The mobile news app of the Chinese Communist Party’s official People’s Daily newspaper recently released a colorful chart that mapped the complex system of President Xi Jinping’s central governing concept, “Xi Jinping Thought on Socialism With Chinese Characteristics for a New Era” (习近平新时代中国特色社会主义思想). The chart had 30 main branches shooting off from the primary trunk of this supreme buzzword, and each branch, dealing with various aspects of policy and ideology, proliferated into numerous sub-branches.
The fifth sin of stereotyped Party writing is the exhaustive use of the medicine cabinet. This is like going to see the [traditional Chinese] pharmacist, where the many compartments of the medicine cabinet list out the names of medicinal herbs - angelica sinensis, rehmannia glutinosa, rhubarb, mirabilite – anything you could possibly need, and you take a bit of everything. This method has been followed by our comrades. In writing essays, in making speeches, in writing books, in composing reports, first you have ONE, TWO, THREE, FOUR; then you have one, two, three, four; after that you have I, II, III, IV; next you bring up the earthly branches; then you move on to A, B, C, D; and from there to a, b, c, d; and finally on to Arabic numerals. There’s not end to it!
Our poor translation aside, the idea here is essentially that Party officials compile their speeches and writing by tossing in every established phrase they can, as though taking a bit of medicinal herb from every compartment of the medicine cabinet.
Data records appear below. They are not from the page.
lemma centred_moments_inside_parabola:
  fixes x y :: "nat \<Rightarrow> real"
  assumes n: "n \<ge> 2" and x: "\<And>i. i < n \<Longrightarrow> x i > 1/2"
  defines "(X::real) \<equiv> \<Sum>i<n. x i" and "(Y::real) \<equiv> \<Sum>i<n. y i"
  defines "(A::real) \<equiv> (\<Sum>i<n. (x i)^2) - X^2/real n" and "(B::real) \<equiv> (\<Sum>i<n. (y i)^2) - Y^2/real n"
    and "(C::real) \<equiv> (\<Sum>i<n. x i * y i) - X * Y/real n"
  defines "(G::real) \<equiv> (X - real n/2)^2"
  shows "4 * (real n - 1) * G * (real n * (A - B)) + (2 * real n * C)^2 < 4 * (real n - 1)^2 * G^2"
proof -
  have n0: "real n > 0" using n by simp
  have cA: "A = (\<Sum>i<n. (x i - X/n)^2)"
    using sum_centred_products[of n x x] n unfolding A_def X_def by (simp add: power2_eq_square)
  have cB: "B = (\<Sum>i<n. (y i - Y/n)^2)"
    using sum_centred_products[of n y y] n unfolding B_def Y_def by (simp add: power2_eq_square)
  have cC: "C = (\<Sum>i<n. (x i - X/n) * (y i - Y/n))"
    using sum_centred_products[of n x y] n unfolding C_def X_def Y_def by simp
  have A0: "A \<ge> 0" and B0: "B \<ge> 0" unfolding cA cB by (auto intro: sum_nonneg)
  have CS: "C^2 \<le> A * B"
    unfolding cA cB cC using Cauchy_Schwarz_ineq_sum[of "\<lambda>i. x i - X/n" "\<lambda>i. y i - Y/n" "{..<n}"]
    by (simp add: power2_eq_square)
  define M where "M = (real n - 1) * G / real n"
  have "(\<Sum>i<n. (x i - 1/2)^2) < (\<Sum>i<n. x i - 1/2)^2"
    using sum_squares_less_square_sum[OF n, of "\<lambda>i. x i - 1/2"] x by simp
  moreover have "(\<Sum>i<n. x i - 1/2) = X - n/2" unfolding X_def by (simp add: sum_subtractf)
  moreover have "(\<Sum>i<n. (x i - 1/2)^2) = (\<Sum>i<n. (x i)^2) - X + n/4"
    unfolding X_def
    by (simp add: power2_diff sum_subtractf sum.distrib sum_distrib_left algebra_simps power2_eq_square)
  ultimately have "A < (X - real n/2)^2 + X - n/4 - X^2/real n" unfolding A_def by simp
  also have "\<dots> = M" unfolding M_def G_def using n0 by (simp add: field_simps power2_eq_square)
  finally have AM: "A < M" .
  have "M * (A - B) + C^2 \<le> M * (A - B) + A * B" using CS by simp
  also have "\<dots> = M^2 - (M - A) * (M + B)" by (simp add: algebra_simps power2_eq_square)
  also have "\<dots> < M^2" using AM A0 B0 by (simp add: add_pos_nonneg)
  finally have lt: "4 * (real n)^2 * (M * (A - B) + C^2) < 4 * (real n)^2 * M^2" using n0 by simp
  have nM: "real n * M = (real n - 1) * G" unfolding M_def using n0 by simp
  have "4 * (real n - 1) * G * (real n * (A - B)) = 4 * ((real n - 1) * G) * (real n * (A - B))"
    by (simp only: mult.assoc)
  also have "\<dots> = 4 * (real n)^2 * (M * (A - B))"
    unfolding nM[symmetric] by (simp add: power2_eq_square algebra_simps)
  finally have "4 * (real n - 1) * G * (real n * (A - B)) + (2 * real n * C)^2
      = 4 * (real n)^2 * (M * (A - B) + C^2)"
    by (simp add: power2_eq_square algebra_simps)
  moreover have "4 * (real n - 1)^2 * G^2 = 4 * ((real n - 1) * G)^2"
    by (simp add: power_mult_distrib)
  moreover have "\<dots> = 4 * (real n)^2 * M^2" unfolding nM[symmetric] by (simp add: power_mult_distrib)
  ultimately show ?thesis using lt by simp
qed

lemma centred_square_sum_inside_parabola:
  fixes vs :: "complex list"
  assumes n: "n \<ge> 2" and len: "length vs = n" and re: "\<forall>v\<in>set vs. Re v > 1/2"
  defines "D \<equiv> of_nat n * sum_list (map (\<lambda>v. v^2) vs) - (sum_list vs)^2"
    and "(G::real) \<equiv> (Re (sum_list vs) - real n/2)^2"
  shows "4 * (real n - 1) * G * Re D + (Im D)^2 < 4 * (real n - 1)^2 * G^2"
proof -
  define x where "x i = Re (vs ! i)" for i
  define y where "y i = Im (vs ! i)" for i
  define X where "X = (\<Sum>i<n. x i)"
  define Y where "Y = (\<Sum>i<n. y i)"
  have n0: "real n > 0" using n by simp
  have s1: "sum_list vs = (\<Sum>i<n. vs ! i)"
    using len by (simp add: sum_list_sum_nth lessThan_atLeast0)
  have s2: "sum_list (map (\<lambda>v. v^2) vs) = (\<Sum>i<n. (vs ! i)^2)"
    using len by (simp add: sum_list_sum_nth lessThan_atLeast0)
  have ReS1: "Re (sum_list vs) = X" and ImS1: "Im (sum_list vs) = Y"
    unfolding s1 X_def Y_def x_def y_def by (simp_all add: Re_sum Im_sum)
  have "Re D = real n * ((\<Sum>i<n. (x i)^2) - (\<Sum>i<n. (y i)^2)) - (X^2 - Y^2)"
    unfolding D_def s2 ReS1[symmetric] ImS1[symmetric] x_def y_def
    by (simp add: Re_sum power2_eq_square sum_subtractf)
  also have "\<dots> = real n * (((\<Sum>i<n. (x i)^2) - X^2/real n) - ((\<Sum>i<n. (y i)^2) - Y^2/real n))"
    using n0 by (simp add: field_simps)
  finally have ReD: "Re D = \<dots>" .
  have "Im D = real n * (2 * (\<Sum>i<n. x i * y i)) - 2 * X * Y"
    unfolding D_def s2 ReS1[symmetric] ImS1[symmetric] x_def y_def
    by (simp add: Im_sum power2_eq_square sum_distrib_left mult.commute)
  also have "\<dots> = 2 * real n * ((\<Sum>i<n. x i * y i) - X * Y/real n)"
    using n0 by (simp add: field_simps)
  finally have ImD: "Im D = \<dots>" .
  have "\<And>i. i < n \<Longrightarrow> x i > 1/2" using re len unfolding x_def by (simp add: nth_mem)
  then show ?thesis
    using centred_moments_inside_parabola[of n x y] n unfolding G_def ReS1 ReD ImD X_def Y_def by blast
qed

text \<open>The region \<open>4g\<^sup>2 Re w + (Im w)\<^sup>2 \<ge> 4g\<^sup>4\<close> outside the parabola is the image of the
  half-plane \<open>Re w \<ge> g\<close> under squaring; it also contains all products of two of its points.\<close>

lemma halfplane_product_outside_parabola:
  fixes p q :: complex and g :: real
  assumes g: "g > 0" and p: "Re p \<ge> g" and q: "Re q \<ge> g"
  shows "4 * g^2 * Re (p * q) + (Im (p * q))^2 \<ge> 4 * g^4"
proof -
  define s where "s = Re p - g"
  define t where "t = Re q - g"
  have s0: "s \<ge> 0" and t0: "t \<ge> 0" using p q by (auto simp: s_def t_def)
  define d where "d = Im q - Im p"
  define e where "e = Im q + Im p"
  define \<sigma> where "\<sigma> = s + t"
  define \<delta> where "\<delta> = s - t"
  define a where "a = 4*g^2 + \<delta>^2"
  define b where "b = \<delta> * (2*g + \<sigma>)"
  define c where "c = 4*g*\<sigma> + \<sigma>^2"
  have expand: "4 * (4 * g^2 * Re (p * q) + (Im (p * q))^2)
      = 16*g^4 + 16*g^3*\<sigma> + 16*g^2*(s*t) + (a*d^2 + 2*b*d*e + c*e^2)"
    unfolding s_def t_def d_def e_def \<sigma>_def \<delta>_def a_def b_def c_def
    by (simp add: power2_eq_square power4_eq_xxxx power3_eq_cube algebra_simps)
  have a0: "a > 0" unfolding a_def using g by (simp add: add_pos_nonneg)
  have "a * (a*d^2 + 2*b*d*e + c*e^2) = (a*d + b*e)^2 + (16*g^2*(g*\<sigma> + s*t))*e^2"
    unfolding a_def b_def c_def \<sigma>_def \<delta>_def by (simp add: power2_eq_square algebra_simps)
  also have "\<dots> \<ge> 0" using g s0 t0 unfolding \<sigma>_def by simp
  finally have "a*d^2 + 2*b*d*e + c*e^2 \<ge> 0" using a0 by (simp add: zero_le_mult_iff)
  moreover have "16*g^3*\<sigma> + 16*g^2*(s*t) \<ge> 0" using g s0 t0 unfolding \<sigma>_def by simp
  ultimately have "4 * (4 * g^4) \<le> 4 * (4 * g^2 * Re (p * q) + (Im (p * q))^2)"
    using expand by linarith
  then show ?thesis by simp
qed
There’s no need for us to beat around the bush. The complicated mind map of Xi Jinping Thought released by the news app of the People’s Daily is Mao Zedong’s fifth sin for stereotyped Party writing brought into the age of the infographic. It is a medicine cabinet of Xi Jinping Thought.
This map is divided into 30 main items, each obsessively color-coded, and then within each of these there are one to three larger branches, and then one to three smaller ones, piled up and densely packed like veins. For all of the chart’s exhausting order, the dry and unrelatable concepts remain utterly incomprehensible.
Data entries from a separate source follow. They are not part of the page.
lemma linear_integral_equation_solution:
  fixes Y b :: "real \<Rightarrow> 'b::banach"
  assumes t: "0 \<le> t" and cY: "continuous_on {0..t} Y" and cb: "continuous_on {0..t} b"
    and eq: "\<And>s. s \<in> {0..t} \<Longrightarrow> Y s = b s - \<alpha> *\<^sub>R integral {0..s} Y"
  shows "Y t = b t - \<alpha> *\<^sub>R integral {0..t} (\<lambda>s. exp (-\<alpha> * (t - s)) *\<^sub>R b s)"
proof -
  define I where "I u = integral {0..u} Y" for u
  \<comment> \<open>integrating factor: the derivative of exp(\<alpha> u) I(u) is exp(\<alpha> u) b(u)\<close>
  have "((\<lambda>u. exp (\<alpha> * u) *\<^sub>R I u) has_vector_derivative exp (\<alpha> * u) *\<^sub>R b u) (at u within {0..t})"
    if u: "u \<in> {0..t}" for u
  proof -
    have "((\<lambda>u. exp (\<alpha> * u) *\<^sub>R I u) has_vector_derivative
        exp (\<alpha> * u) *\<^sub>R Y u + (exp (\<alpha> * u) * \<alpha>) *\<^sub>R I u) (at u within {0..t})"
      unfolding I_def
      by (intro has_vector_derivative_scaleR integral_has_vector_derivative[OF cY u])
        (auto intro!: derivative_eq_intros)
    moreover have "b u = Y u + \<alpha> *\<^sub>R I u"
      using eq[OF u] unfolding I_def by (simp add: algebra_simps)
    ultimately show ?thesis by (simp add: scaleR_add_right)
  qed
  then have "((\<lambda>u. exp (\<alpha> * u) *\<^sub>R b u) has_integral exp (\<alpha> * t) *\<^sub>R I t) {0..t}"
    using fundamental_theorem_of_calculus[OF t] by (force simp: I_def)
  then have weighted: "integral {0..t} (\<lambda>s. exp (\<alpha> * s) *\<^sub>R b s) = exp (\<alpha> * t) *\<^sub>R I t"
    by (rule integral_unique)
  have "integral {0..t} (\<lambda>s. exp (-\<alpha> * (t - s)) *\<^sub>R b s)
      = integral {0..t} (\<lambda>s. exp (-\<alpha> * t) *\<^sub>R (exp (\<alpha> * s) *\<^sub>R b s))"
    by (rule integral_cong) (simp add: algebra_simps flip: exp_add)
  also have "\<dots> = exp (-\<alpha> * t) *\<^sub>R (exp (\<alpha> * t) *\<^sub>R I t)"
    by (simp only: integral_cmul weighted)
  also have "\<dots> = I t"
    by (simp flip: exp_add)
  finally have "integral {0..t} (\<lambda>s. exp (-\<alpha> * (t - s)) *\<^sub>R b s) = I t" .
  then show ?thesis
    using eq[of t] t by (simp add: I_def)
qed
This is precisely the sort of thing Mao Zedong loathed.
Not surprisingly, Mao’s “Opposing Stereotyped Party Writing” did come up as Chinese discussed the chart on social media. One user commented by updating a relevant passage from Mao’s 1942 essay to suit modern technology, inserted the portion in bold below:
“It is no big thing if someone engages in stereotyped Party writing for their own perusal. If they give it to a second person, that a 100 percent increase, and this causes a lot of trouble. And if they paste it to a wall, or make a mimeograph copy, or run it in the newspaper, or print it as a book, or post it on the internet through a mobile news app, well then this is a big problem, and it can influence many people.”